Denn deren Zahl und Breite wuchs auch mit der Entwicklung "extraoraler Verarbeitungsmethoden" - vulgo: durch Kochen und Grillen. Solche Kulturtechniken erschlossen Menschen Nahrungsquellen, die ihnen sonst verschlossen geblieben wären. Koch- und Bratvorgänge sind letztlich Formen einer Vorverdauung, die uns Nährstoffe erschließt, die wir mit körpereigenen Mitteln nicht oder nur erheblich schwerer verarbeiten könnten. So ziehen wir auch aus gekochter pflanzlicher Nahrung leichter und mehr Energie als aus Rohkost.
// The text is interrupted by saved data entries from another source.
(* Let $T$ be a decomposition tree of a distance-hereditary graph $G$, and let $v$ be an internal node of $T$ labeled $\oplus$ with left child $v_l$ and right child $v_r$, such that property (P) holds at $v_l$ and at $v_r$. Assume that $\hat\alpha(v_r)\le\hat\beta(v_l)$, and that neither ($\hat\alpha(v_l)=\hat\beta(v_r)=0$) nor ($\hat\alpha(v_r)=\hat\beta(v_l)=0$) holds. Then $$\hat\alpha(v)=\begin{cases}\hat\alpha(v_l)-\hat\beta(v_r) & \text{if } \hat\alpha(v_l)>\hat\beta(v_r),\\ |\hat\alpha(v_l)-\hat\alpha(v_r)|\bmod 2 & \text{otherwise.}\end{cases}$$
   Context: All graphs are finite, simple, undirected. For a graph $H$ and $S\subseteq V(H)$, $N_H[S]$ is $S$ together with all vertices adjacent to a vertex of $S$, and $H[S]$ is the induced subgraph. Graphs carry a "twin set": a single-vertex graph on $x$ has twin set $\{x\}$. For vertex-disjoint graphs $G_l,G_r$ with twin sets $TS(G_l),TS(G_r)$: the true twin operation $G_l\otimes G_r$ has vertex set $V(G_l)\cup V(G_r)$, edge set $E(G_l)\cup E(G_r)\cup\{uw: u\in TS(G_l), w\in TS(G_r)\}$ and twin set $TS(G_l)\cup TS(G_r)$; the false twin operation $G_l\odot G_r$ has vertex set $V(G_l)\cup V(G_r)$, edge set $E(G_l)\cup E(G_r)$, twin set $TS(G_l)\cup TS(G_r)$; the attachment operation $G_l\oplus G_r$ has the same vertex and edge sets as $G_l\otimes G_r$ and twin set $TS(G_l)$. A decomposition tree $T$ of $G$ is a rooted binary tree whose leaves are in bijection with $V(G)$, each internal node having a left and a right child and a label in $\{\otimes,\odot,\oplus\}$; for each node $v$ define $\hat G(v)$ and $\hat{TS}(v)$ recursively: for a leaf $x$, the single-vertex graph on $x$ with twin set $\{x\}$; for an internal node $v$ with label $\circ$ and children $v_l,v_r$, $\hat G(v)=\hat G(v_l)\circ\hat G(v_r)$ with the corresponding twin set; one requires $\hat G(\text{root})=G$. Then $\hat G(v)$ is the subgraph of $G$ induced by the set $\hat V(v)$ of leaves below $v$. For a node $u$ and $0\le k\le|\hat{TS}(u)|$, call $S\subseteq\hat V(u)$ $k$-feasible if $\hat V(u)\setminus\hat{TS}(u)\subseteq N_{\hat G(u)}[S]$ and there is $X\subseteq S\cap\hat{TS}(u)$ with $|X|=k$ such that $\hat G(u)[S\setminus X]$ has a perfect matching. $\hat\gamma_k(u)$ is the minimum size of a $k$-feasible set. $\hat{min}(u)=\min\{\hat\gamma_k(u):0\le k\le|\hat{TS}(u)|\}$, and $\hat\alpha(u)$, $\hat\beta(u)$ are the smallest and the largest $k$ with $\hat\gamma_k(u)=\hat{min}(u)$. Property (P) holds at $u$ if for every $0\le k\le|\hat{TS}(u)|$: $\hat\gamma_k(u)=\hat{min}(u)+\hat\alpha(u)-k$ when $k\le\hat\alpha(u)$; $\hat\gamma_k(u)=\hat{min}(u)+k-\hat\beta(u)$ when $k\ge\hat\beta(u)$; $\hat\gamma_k(u)=\hat{min}(u)$ when $\hat\alpha(u)<k<\hat\beta(u)$ and $k-\hat\alpha(u)$ is even; and $\hat\gamma_k(u)=\hat{min}(u)+1$ otherwise. *)

theory Defs
  imports Main "HOL-Library.Extended_Nat"
begin
lemma Hb_lt_lb_lt_Kb:
  assumes "\<beta> > 2" "y < gb \<beta>"
  shows "Hb \<beta> y < lb \<beta>" "lb \<beta> < Kb \<beta> y"
  using Hb[of \<beta> y] Kb[of \<beta> y] assms unfolding gb_def by (auto simp: order.order_iff_strict)

text \<open>Equal values of \<open>Gb\<close> at \<open>Hb y\<close> and \<open>Kb y\<close> mean \<open>ln (Kb y / Hb y) = (Kb y - Hb y) / lb\<close>.\<close>

lemma Kb_plus_Hb_eq:
  assumes "\<beta> > 2" "y < gb \<beta>"
  shows "Kb \<beta> y + Hb \<beta> y = lb \<beta> * log_mean_ratio (Kb \<beta> y / Hb \<beta> y)"
proof -
  define h k where "h = Hb \<beta> y" and "k = Kb \<beta> y"
  have "0 < h" "h < k" "0 < lb \<beta>"
    using Hb[of \<beta> y] Hb_lt_lb_lt_Kb[OF assms] lb_pos[of \<beta>] assms unfolding h_def k_def by auto
  have "Gb \<beta> k - Gb \<beta> h = 0" using Hb[of \<beta> y] Kb[of \<beta> y] assms unfolding h_def k_def by simp
  hence "ln k - ln h = 3/2 * (k - h) * \<beta>" using assms by (simp add: Gb_diff field_simps)
  hence L: "ln (k/h) = (k - h)/lb \<beta>"
    using \<open>0 < h\<close> \<open>h < k\<close> assms by (simp add: ln_div lb_def field_simps)
  have "log_mean_ratio (k/h) = (k + h) * ln (k/h)/(k - h)"
    unfolding log_mean_ratio_def using \<open>0 < h\<close> \<open>h < k\<close> by (simp add: field_simps)
  also have "\<dots> = (k + h)/lb \<beta>" unfolding L using \<open>h < k\<close> \<open>0 < lb \<beta>\<close> by (simp add: field_simps)
  finally show ?thesis using \<open>0 < lb \<beta>\<close> unfolding h_def k_def by simp
qed

lemma Kb_plus_Hb_strict_antimono:
  assumes "\<beta> > 2" "y < y'" "y' \<le> gb \<beta>"
  shows "Kb \<beta> y' + Hb \<beta> y' < Kb \<beta> y + Hb \<beta> y"
proof -
  have ratio_gt_1: "1 < Kb \<beta> z / Hb \<beta> z" if "z < gb \<beta>" for z
    using Hb[of \<beta> z] Hb_lt_lb_lt_Kb[of \<beta> z] assms that by simp
  have "y < gb \<beta>" using assms by simp
  show ?thesis
  proof (cases "y' = gb \<beta>")
    case True
    thus ?thesis using Hb_Kb_gb[OF assms(1)] Kb_plus_Hb_eq[OF assms(1) \<open>y < gb \<beta>\<close>]
        log_mean_ratio_gt_2[OF ratio_gt_1[OF \<open>y < gb \<beta>\<close>]] lb_pos[of \<beta>] assms(1) by simp
  next
    case False
    hence "y' < gb \<beta>" using assms by simp
    have "Kb \<beta> y' / Hb \<beta> y' < Kb \<beta> y / Hb \<beta> y'"
      using Kb_strict_antimono[OF assms] Hb[of \<beta> y'] assms by (simp add: divide_strict_right_mono)
    also have "\<dots> < Kb \<beta> y / Hb \<beta> y"
      using Hb_strict_mono[of \<beta> y y'] Hb[of \<beta> y] Kb[of \<beta> y] lb_pos[of \<beta>] assms
      by (intro divide_strict_left_mono) auto
    finally show ?thesis
      using Kb_plus_Hb_eq[OF assms(1) \<open>y < gb \<beta>\<close>] Kb_plus_Hb_eq[OF assms(1) \<open>y' < gb \<beta>\<close>]
        log_mean_ratio_strict_mono[OF ratio_gt_1[OF \<open>y' < gb \<beta>\<close>]] lb_pos[of \<beta>] assms(1) by simp
  qed
qed

lemma r1_pos:
  assumes "\<beta> > 2"
  shows "0 < r1 \<beta>"
proof -
  define z where "z = 3*\<beta>/2 - 2"
  have "ln z < z - 1" using ln_diff_less[of z 1] assms z_def by simp
  hence "2/(3*\<beta>) * ln z < 2/(3*\<beta>) * (z - 1)" using assms by (intro mult_strict_left_mono) auto
  moreover have "2/(3*\<beta>) * (z - 1) = 1 - 2/\<beta>" using assms unfolding z_def by (simp add: field_simps)
  ultimately show ?thesis unfolding r1_def z_def[symmetric] by simp
qed

text \<open>\<open>r1\<close> is the field strength at which the sum \<open>Kb (y - 3 r/2) + Hb y + Kb y\<close> equals \<open>1\<close> at \<open>y = gb\<close>.\<close>

lemma gb_minus_Gb_eq_r1:
  assumes "\<beta> > 2"
  shows "gb \<beta> - Gb \<beta> (1 - 2 * lb \<beta>) = 3/2 * r1 \<beta>"
proof -
  define z where "z = 3*\<beta>/2 - 2"
  have "1 - 2 * lb \<beta> = lb \<beta> * z" unfolding z_def lb_def using assms by (simp add: field_simps)
  hence "ln (1 - 2 * lb \<beta>) = ln (lb \<beta>) + ln z"
    using lb_pos[of \<beta>] assms z_def by (simp add: ln_mult)
  hence "gb \<beta> - Gb \<beta> (1 - 2 * lb \<beta>) = - ln z/\<beta> + 3/2 * (1 - 2 * lb \<beta>) - 3/2 * lb \<beta>"
    unfolding gb_def Gb_def by (simp add: algebra_simps diff_divide_distrib add_divide_distrib)
  also have "\<dots> = 3/2 * r1 \<beta>"
    unfolding r1_def z_def[symmetric] using assms unfolding lb_def by (simp add: field_simps)
  finally show ?thesis .
qed

definition HK_sum :: "real \<Rightarrow> real \<Rightarrow> real \<Rightarrow> real" where
  "HK_sum \<beta> r y = Kb \<beta> (y - 3*r/2) + Hb \<beta> y + Kb \<beta> y"

lemma HK_sum_strict_antimono:
  assumes "\<beta> > 2" "0 \<le> r" "y < y'" "y' \<le> gb \<beta>"
  shows "HK_sum \<beta> r y' < HK_sum \<beta> r y"
  using Kb_strict_antimono[of \<beta> "y - 3*r/2" "y' - 3*r/2"] Kb_plus_Hb_strict_antimono[of \<beta> y y'] assms
  unfolding HK_sum_def by simp

lemma HK_sum_gb_lt_1:
  assumes "\<beta> > 2" "0 < r" "r < r1 \<beta>"
  shows "HK_sum \<beta> r (gb \<beta>) < 1"
proof -
  let ?k = "Kb \<beta> (gb \<beta> - 3*r/2)"
  have "Gb \<beta> (1 - 2 * lb \<beta>) < gb \<beta> - 3*r/2" using gb_minus_Gb_eq_r1[OF assms(1)] assms by simp
  moreover have "Gb \<beta> ?k = gb \<beta> - 3*r/2" "lb \<beta> \<le> ?k" using Kb[of \<beta> "gb \<beta> - 3*r/2"] assms by auto
  ultimately have "\<not> 1 - 2 * lb \<beta> < ?k" "?k \<noteq> 1 - 2 * lb \<beta>"
    using Gb_strict_antimono_above_lb[of \<beta> "1 - 2 * lb \<beta>" ?k] lb_lt_third[OF assms(1)] assms by auto
  hence "?k < 1 - 2 * lb \<beta>" by linarith
  thus ?thesis unfolding HK_sum_def Hb_Kb_gb[OF assms(1)] by simp
qed
lemma skew_morphism_eqI:
  assumes "skew_morphism n \<phi>" "skew_morphism n \<psi>"
    and "\<forall>a. (\<psi> ^^ a) 1 = (\<phi> ^^ a) 1" "derived n \<psi> = derived n \<phi>" "x < n"
  shows "\<psi> x = \<phi> x"
proof -
  interpret \<phi>: skew_morphism n \<phi> by fact
  interpret \<psi>: skew_morphism n \<psi> by fact
  show ?thesis using \<phi>.funpow_mod_eq_sum[of 1 x] \<psi>.funpow_mod_eq_sum[of 1 x] assms by simp
qed

lemma skew_morphism_eq_if_agree_on_subgroup:
  assumes \<phi>: "skew_morphism n \<phi>" and \<psi>: "skew_morphism n \<psi>"
    and cosets: "fixes_cosets m n \<phi>"
    and one: "\<psi> 1 = \<phi> 1" and derived: "derived n \<psi> = derived n \<phi>"
    and subgroup: "\<forall>y<n. m dvd y \<longrightarrow> \<psi> y = \<phi> y"
    and x: "x < n"
  shows "\<psi> x = \<phi> x"
proof -
  interpret \<phi>: skew_morphism n \<phi> by fact
  interpret \<psi>: skew_morphism n \<psi> by fact
  have "\<forall>x<n. \<phi> x < n" using \<phi>.funpow_less[where k = 1] by simp
  then have coset_funpow: "(\<phi> ^^ i) y mod m = y mod m" if "y < n" for i y
    using fixes_cosets_funpow[OF cosets] that by blast
  have on_subgroup: "(\<psi> ^^ i) y = (\<phi> ^^ i) y" if "y < n" "m dvd y" for i y
  proof (induction i)
    case (Suc i)
    have "(\<phi> ^^ i) y < n" "m dvd (\<phi> ^^ i) y"
      using \<phi>.funpow_less coset_funpow[of y i] that by (auto simp: mod_eq_0_iff_dvd)
    then show ?case using Suc subgroup by simp
  qed simp
  have "(\<psi> ^^ a) 1 = (\<phi> ^^ a) 1" for a
  proof (induction a)
    case (Suc a)
    define y where "y = (\<phi> ^^ a) 1 - 1"
    have "0 < (\<phi> ^^ a) 1"
      using \<phi>.funpow_inj[of 1 0 a] \<phi>.funpow_zero \<phi>.one_less_n by fastforce
    moreover have "(\<phi> ^^ a) 1 mod m = 1 mod m" using coset_funpow \<phi>.one_less_n by simp
    ultimately have y: "m dvd y" "y < n" "(1 + y) mod n = (\<phi> ^^ a) 1"
      using \<phi>.funpow_less[of 1 a] \<phi>.one_less_n mod_eq_dvd_iff_nat[of 1 "(\<phi> ^^ a) 1" m]
      by (auto simp: y_def)
    have "(\<psi> ^^ Suc a) 1 = \<psi> ((1 + y) mod n)" using Suc y(3) by simp
    also have "\<dots> = (\<psi> 1 + (\<psi> ^^ derived n \<psi> 1) y) mod n" using \<psi>.funpow_one_add[of y 1] y(2) by simp
    also have "\<dots> = (\<phi> 1 + (\<phi> ^^ derived n \<phi> 1) y) mod n" using one derived on_subgroup y(1,2) by simp
    also have "\<dots> = (\<phi> ^^ Suc a) 1" using \<phi>.funpow_one_add[of y 1] y(2,3) by simp
    finally show ?case .
  qed simp
  then show ?thesis using skew_morphism_eqI[OF \<phi> \<psi> _ derived x] by simp
qed
lemma exp_series_op_series:
  assumes T: "bounded_by T r" "self_adjoint_wrt p T"
    and A0: "\<And>n. A $ n \<ge> 0" "A $ 0 = 0" and A: "summable (\<lambda>n. A $ n * r ^ n)"
  shows "exp_series_to sc N (op_series A T) x (op_series (fps_exp 1 oo A) T x)"
proof -
  have r0: "r \<ge> 0" by (rule bounded_by_nonneg[OF T(1)])
  have powers: "(\<lambda>n. (A ^ k) $ n * r ^ n) sums (\<Sum>n. A $ n * r ^ n) ^ k" "(A ^ k) $ n \<ge> 0" for k n
    using fps_power_sums_nonneg[OF A0(1) r0 A] by blast+
  have low: "n < k \<Longrightarrow> (A ^ k) $ n = 0" for k n
    using startsby_zero_power_prefix[OF A0(2)] by blast
  have "summable (\<lambda>n. \<bar>A $ n\<bar> * r ^ n)"
    using A A0 by simp
  then have "bounded_by (op_series A T) (\<Sum>n. \<bar>A $ n\<bar> * r ^ n)"
    by (rule bounded_by_op_series[OF T(1)])
  then obtain y where y: "(\<lambda>n. N ((\<Sum>k<n. sc (inverse (fact k)) ((op_series A T ^^ k) x)) - y))
      \<longlonglongrightarrow> 0"
    using exp_series_converges by blast
  have "y = op_series (fps_exp 1 oo A) T x"
  proof (rule op_series_eqI[OF T(1) summable_fps_exp_compose[OF A0 r0 A], symmetric])
    fix w
    define g where "g n = p w ((T ^^ n) x)" for n
    have "cmod (g n) \<le> (N w * N x) * r ^ n" for n
      unfolding g_def by (rule ip_funpow_le[OF T(1)])
    then obtain S where
      rows: "(\<lambda>k. of_real (1 / fact k) * (\<Sum>n. of_real ((A ^ k) $ n) * g n)) sums S" and
      cols: "(\<lambda>n. of_real (\<Sum>k\<le>n. (A ^ k) $ n / fact k) * g n) sums S"
      using exp_series_interchange[where c="\<lambda>k n. (A ^ k) $ n", OF powers(2) low powers(1) r0]
      by blast
    have "(\<Sum>n. of_real ((A ^ k) $ n) * g n) = p w ((op_series A T ^^ k) x)" for k
      using op_series_sums[OF T(1), of "A ^ k" w x] powers
      by (simp add: g_def op_series_power[OF T A0(1) A] sums_iff)
    then have "(\<lambda>k. p w (sc (inverse (fact k)) ((op_series A T ^^ k) x))) sums S"
      using rows by (simp add: ip_scale_right divide_inverse mult.commute)
    with ip_sums_right[OF y] have "p w y = S" using sums_unique2 by blast
    then show "(\<lambda>n. of_real ((fps_exp 1 oo A) $ n) * p w ((T ^^ n) x)) sums p w y"
      using cols by (simp add: g_def fps_exp_compose_nth)
  qed
  then show ?thesis
    using y unfolding exp_series_to_def by simp
qed

end

section \<open>The formal series of \<open>2 artanh\<close>\<close>

text \<open>The series of \<open>log ((1 + X) / (1 - X)) = 2 artanh X\<close> and of \<open>(1 + X) / (1 - X)\<close>.\<close>

definition two_artanh_fps :: "real fps" where
  "two_artanh_fps = Abs_fps (\<lambda>n. if odd n then 2 / of_nat n else 0)"

definition inv_cayley_fps :: "real fps" where
  "inv_cayley_fps = Abs_fps (\<lambda>n. if n = 0 then 1 else 2)"

lemma fps_linear_ode_unique:
  fixes F G B :: "real fps"
  assumes "fps_deriv F = F * B" "fps_deriv G = G * B" "F $ 0 = G $ 0"
  shows "F = G"
proof (rule fps_ext)
  fix n show "F $ n = G $ n"
  proof (induction n rule: less_induct)
    case (less n)
    show ?case
    proof (cases n)
      case 0 then show ?thesis using assms(3) by simp
    next
      case (Suc m)
      have "(F * B) $ m = (G * B) $ m"
        unfolding fps_mult_nth using less Suc by (intro sum.cong) auto
      then have "fps_deriv F $ m = fps_deriv G $ m" using assms(1,2) by simp
      then show ?thesis using Suc by (simp del: of_nat_Suc)
    qed
  qed
qed

lemma fps_deriv_two_artanh: "fps_deriv two_artanh_fps = Abs_fps (\<lambda>n. if even n then 2 else 0)"
proof (rule fps_ext)
  fix n
  have "real (n+1) \<noteq> 0" by simp
  then show "fps_deriv two_artanh_fps $ n = Abs_fps (\<lambda>n. if even n then 2 else 0) $ n"
    by (auto simp: two_artanh_fps_def simp del: of_nat_Suc of_nat_add)
qed

lemma one_minus_X_mult_inv_cayley: "(1 - fps_X) * inv_cayley_fps = 1 + fps_X"
  by (rule fps_ext) (auto simp: inv_cayley_fps_def algebra_simps fps_X_mult_nth)

lemma one_minus_X2_mult_deriv_two_artanh: "(1 - fps_X * fps_X) * fps_deriv two_artanh_fps = 2"
proof (rule fps_ext)
  fix n
  show "((1 - fps_X * fps_X) * fps_deriv two_artanh_fps) $ n = (2::real fps) $ n"
    by (cases n; cases "n - 1")
       (auto simp: fps_deriv_two_artanh algebra_simps fps_X_mult_nth numeral_fps_const)
qed

lemma sq_one_minus_X_mult_deriv_inv_cayley:
  "(1 - fps_X) * ((1 - fps_X) * fps_deriv inv_cayley_fps) = 2"
proof -
  have "(1 - fps_X) * fps_deriv inv_cayley_fps = Abs_fps (\<lambda>n. 2)"
    by (rule fps_ext) (auto simp: inv_cayley_fps_def algebra_simps fps_X_mult_nth)
  moreover have "(1 - fps_X) * Abs_fps (\<lambda>n. 2) = (2::real fps)"
    by (rule fps_ext) (auto simp: algebra_simps fps_X_mult_nth numeral_fps_const)
  ultimately show ?thesis by simp
qed

lemma fps_deriv_inv_cayley: "fps_deriv inv_cayley_fps = inv_cayley_fps * fps_deriv two_artanh_fps"
proof -
  let ?P = "(1 - fps_X) * ((1 - fps_X) * (1 + fps_X)) :: real fps"
  have "?P * fps_deriv inv_cayley_fps = (1 + fps_X) * 2"
  proof -
    have "?P * fps_deriv inv_cayley_fps
        = (1 + fps_X) * ((1 - fps_X) * ((1 - fps_X) * fps_deriv inv_cayley_fps))"
      by (simp only: ac_simps)
    then show ?thesis using sq_one_minus_X_mult_deriv_inv_cayley by simp
  qed
  moreover have "?P * (inv_cayley_fps * fps_deriv two_artanh_fps) = (1 + fps_X) * 2"
  proof -
    have "?P * (inv_cayley_fps * fps_deriv two_artanh_fps)
        = ((1 - fps_X) * inv_cayley_fps) * ((1 - fps_X * fps_X) * fps_deriv two_artanh_fps)"
      by (simp add: algebra_simps)
    then show ?thesis using one_minus_X_mult_inv_cayley one_minus_X2_mult_deriv_two_artanh by simp
  qed
  moreover have "?P \<noteq> 0"
  proof
    assume "?P = 0" then have "?P $ 0 = 0" by simp
    then show False by (simp add: fps_mult_nth)
  qed
  ultimately show ?thesis by (metis mult_left_cancel)
qed

lemma fps_exp_compose_two_artanh: "fps_exp 1 oo two_artanh_fps = inv_cayley_fps"
proof (rule fps_linear_ode_unique[where B="fps_deriv two_artanh_fps"])
  have "two_artanh_fps $ 0 = 0" by (simp add: two_artanh_fps_def)
  then show "fps_deriv (fps_exp 1 oo two_artanh_fps)
      = (fps_exp 1 oo two_artanh_fps) * fps_deriv two_artanh_fps"
    by (simp add: fps_compose_deriv)
  show "fps_deriv inv_cayley_fps = inv_cayley_fps * fps_deriv two_artanh_fps"
    by (rule fps_deriv_inv_cayley)
  show "(fps_exp 1 oo two_artanh_fps) $ 0 = inv_cayley_fps $ 0" by (simp add: inv_cayley_fps_def)
qed

lemma two_artanh_fps_nth: "two_artanh_fps $ n = (if odd n then 2 / of_nat n else 0)"
  by (simp add: two_artanh_fps_def)

lemma two_artanh_fps_nonneg: "two_artanh_fps $ n \<ge> 0"
  by (simp add: two_artanh_fps_nth)

lemma inv_cayley_fps_nth: "inv_cayley_fps $ n = (if n = 0 then 1 else 2)"
  by (simp add: inv_cayley_fps_def)

lemma summable_bounded_coeffs:
  fixes A :: "real fps"
  assumes "\<And>n. \<bar>A $ n\<bar> \<le> 2" "0 \<le> r" "r < 1"
  shows "summable (\<lambda>n. \<bar>A $ n\<bar> * r ^ n)"
proof (rule summable_comparison_test[OF _ summable_mult[OF summable_geometric, of r 2]])
  have "norm (\<bar>A $ n\<bar> * r ^ n) \<le> 2 * r ^ n" for n
    using assms(1)[of n] assms(2) by (simp add: abs_mult mult_right_mono)
  then show "\<exists>N. \<forall>n\<ge>N. norm (\<bar>A $ n\<bar> * r ^ n) \<le> 2 * r ^ n" by blast
qed (use assms in simp)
Der zunehmend erfindungsreiche Mensch verfügte also nicht nur über ein immer größeres Gehirn, sondern auch über zunehmend effektivere Methoden der Nährstoffgewinnung. Was da Auslöser und was Wirkung war, steht wieder auf einem ganz anderen Blatt - und dürfte nun, mit Beginn der Grillsaison, die Diskussionen unter Steak-Schwenkern beleben.

Die Studie ist im Fachmagazin BioMed Research International erschienen.